§ **Task material**:
╭──

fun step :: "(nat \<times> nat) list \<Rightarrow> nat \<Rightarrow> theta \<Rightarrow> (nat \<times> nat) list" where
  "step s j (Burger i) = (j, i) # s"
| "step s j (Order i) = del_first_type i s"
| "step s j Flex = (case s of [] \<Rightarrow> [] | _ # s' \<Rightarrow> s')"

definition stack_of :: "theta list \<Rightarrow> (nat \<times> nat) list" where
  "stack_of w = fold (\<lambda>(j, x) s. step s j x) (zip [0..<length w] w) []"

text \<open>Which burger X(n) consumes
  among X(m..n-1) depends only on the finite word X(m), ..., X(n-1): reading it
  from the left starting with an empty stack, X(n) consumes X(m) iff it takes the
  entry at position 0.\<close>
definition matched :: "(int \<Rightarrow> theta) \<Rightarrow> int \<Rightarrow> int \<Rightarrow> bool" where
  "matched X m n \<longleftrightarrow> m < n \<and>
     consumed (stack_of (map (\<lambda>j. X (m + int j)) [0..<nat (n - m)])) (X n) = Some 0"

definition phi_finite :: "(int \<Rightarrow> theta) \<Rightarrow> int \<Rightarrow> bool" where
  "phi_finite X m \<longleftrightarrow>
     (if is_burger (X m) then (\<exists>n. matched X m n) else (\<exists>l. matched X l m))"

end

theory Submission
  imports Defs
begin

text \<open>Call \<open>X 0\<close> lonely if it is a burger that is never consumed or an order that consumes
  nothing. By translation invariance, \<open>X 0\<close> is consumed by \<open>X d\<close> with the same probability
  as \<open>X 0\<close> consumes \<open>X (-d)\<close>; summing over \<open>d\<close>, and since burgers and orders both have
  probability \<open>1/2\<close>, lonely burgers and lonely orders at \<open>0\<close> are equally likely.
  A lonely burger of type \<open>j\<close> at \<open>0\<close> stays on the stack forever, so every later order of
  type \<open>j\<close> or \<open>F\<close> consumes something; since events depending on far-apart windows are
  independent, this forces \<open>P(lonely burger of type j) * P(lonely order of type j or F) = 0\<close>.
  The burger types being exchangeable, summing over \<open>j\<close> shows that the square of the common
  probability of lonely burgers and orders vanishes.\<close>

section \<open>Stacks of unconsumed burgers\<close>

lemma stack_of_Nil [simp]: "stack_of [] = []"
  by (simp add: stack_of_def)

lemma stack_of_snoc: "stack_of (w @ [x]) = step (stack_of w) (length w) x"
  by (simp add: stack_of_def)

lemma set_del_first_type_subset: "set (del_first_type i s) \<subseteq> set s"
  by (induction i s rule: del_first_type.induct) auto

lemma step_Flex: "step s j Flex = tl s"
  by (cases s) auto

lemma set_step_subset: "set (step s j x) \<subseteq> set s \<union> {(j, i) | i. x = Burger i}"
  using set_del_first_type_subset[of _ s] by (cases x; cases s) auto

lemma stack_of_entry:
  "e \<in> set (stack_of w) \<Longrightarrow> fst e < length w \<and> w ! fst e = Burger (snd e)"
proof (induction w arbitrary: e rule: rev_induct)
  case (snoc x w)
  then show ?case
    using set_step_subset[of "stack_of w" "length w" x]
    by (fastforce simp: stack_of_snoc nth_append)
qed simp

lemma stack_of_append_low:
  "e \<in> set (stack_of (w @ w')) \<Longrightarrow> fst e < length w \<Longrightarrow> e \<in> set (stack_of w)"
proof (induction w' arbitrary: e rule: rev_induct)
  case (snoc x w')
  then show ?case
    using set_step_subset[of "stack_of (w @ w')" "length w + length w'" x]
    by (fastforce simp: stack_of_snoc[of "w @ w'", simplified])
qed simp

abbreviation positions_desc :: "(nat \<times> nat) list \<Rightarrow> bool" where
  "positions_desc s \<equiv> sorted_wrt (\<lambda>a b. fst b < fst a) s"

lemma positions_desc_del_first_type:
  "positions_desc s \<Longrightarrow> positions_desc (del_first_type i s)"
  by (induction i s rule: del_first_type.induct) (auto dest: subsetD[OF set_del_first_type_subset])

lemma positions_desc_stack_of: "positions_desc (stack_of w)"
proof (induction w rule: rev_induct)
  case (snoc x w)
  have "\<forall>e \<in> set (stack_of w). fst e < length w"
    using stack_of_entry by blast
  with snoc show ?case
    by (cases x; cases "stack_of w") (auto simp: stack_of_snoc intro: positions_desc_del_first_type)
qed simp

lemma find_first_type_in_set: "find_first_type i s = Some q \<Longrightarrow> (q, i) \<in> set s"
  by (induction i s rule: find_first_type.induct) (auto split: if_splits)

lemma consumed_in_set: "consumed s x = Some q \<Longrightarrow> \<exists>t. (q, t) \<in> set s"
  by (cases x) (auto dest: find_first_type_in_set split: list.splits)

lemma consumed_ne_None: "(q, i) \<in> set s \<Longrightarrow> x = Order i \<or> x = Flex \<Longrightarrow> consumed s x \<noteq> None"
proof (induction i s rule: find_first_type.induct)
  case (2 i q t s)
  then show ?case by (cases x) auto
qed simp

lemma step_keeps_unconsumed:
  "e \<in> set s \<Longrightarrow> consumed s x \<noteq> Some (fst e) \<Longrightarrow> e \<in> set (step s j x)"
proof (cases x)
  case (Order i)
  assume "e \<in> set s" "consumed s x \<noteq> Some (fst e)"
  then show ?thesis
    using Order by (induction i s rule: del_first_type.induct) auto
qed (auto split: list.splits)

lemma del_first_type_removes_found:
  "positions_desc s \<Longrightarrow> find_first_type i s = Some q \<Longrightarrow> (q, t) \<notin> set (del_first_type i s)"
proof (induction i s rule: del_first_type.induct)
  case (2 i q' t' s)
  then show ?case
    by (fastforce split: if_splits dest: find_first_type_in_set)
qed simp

╰──

§ **Goal of the exercise**:
Go through the data above and find the lines with the word "arbitrary". Copy each of those lines.

§ **Expected output**:
proof (induction w arbitrary: e rule: rev_induct)
proof (induction w' arbitrary: e rule: rev_induct)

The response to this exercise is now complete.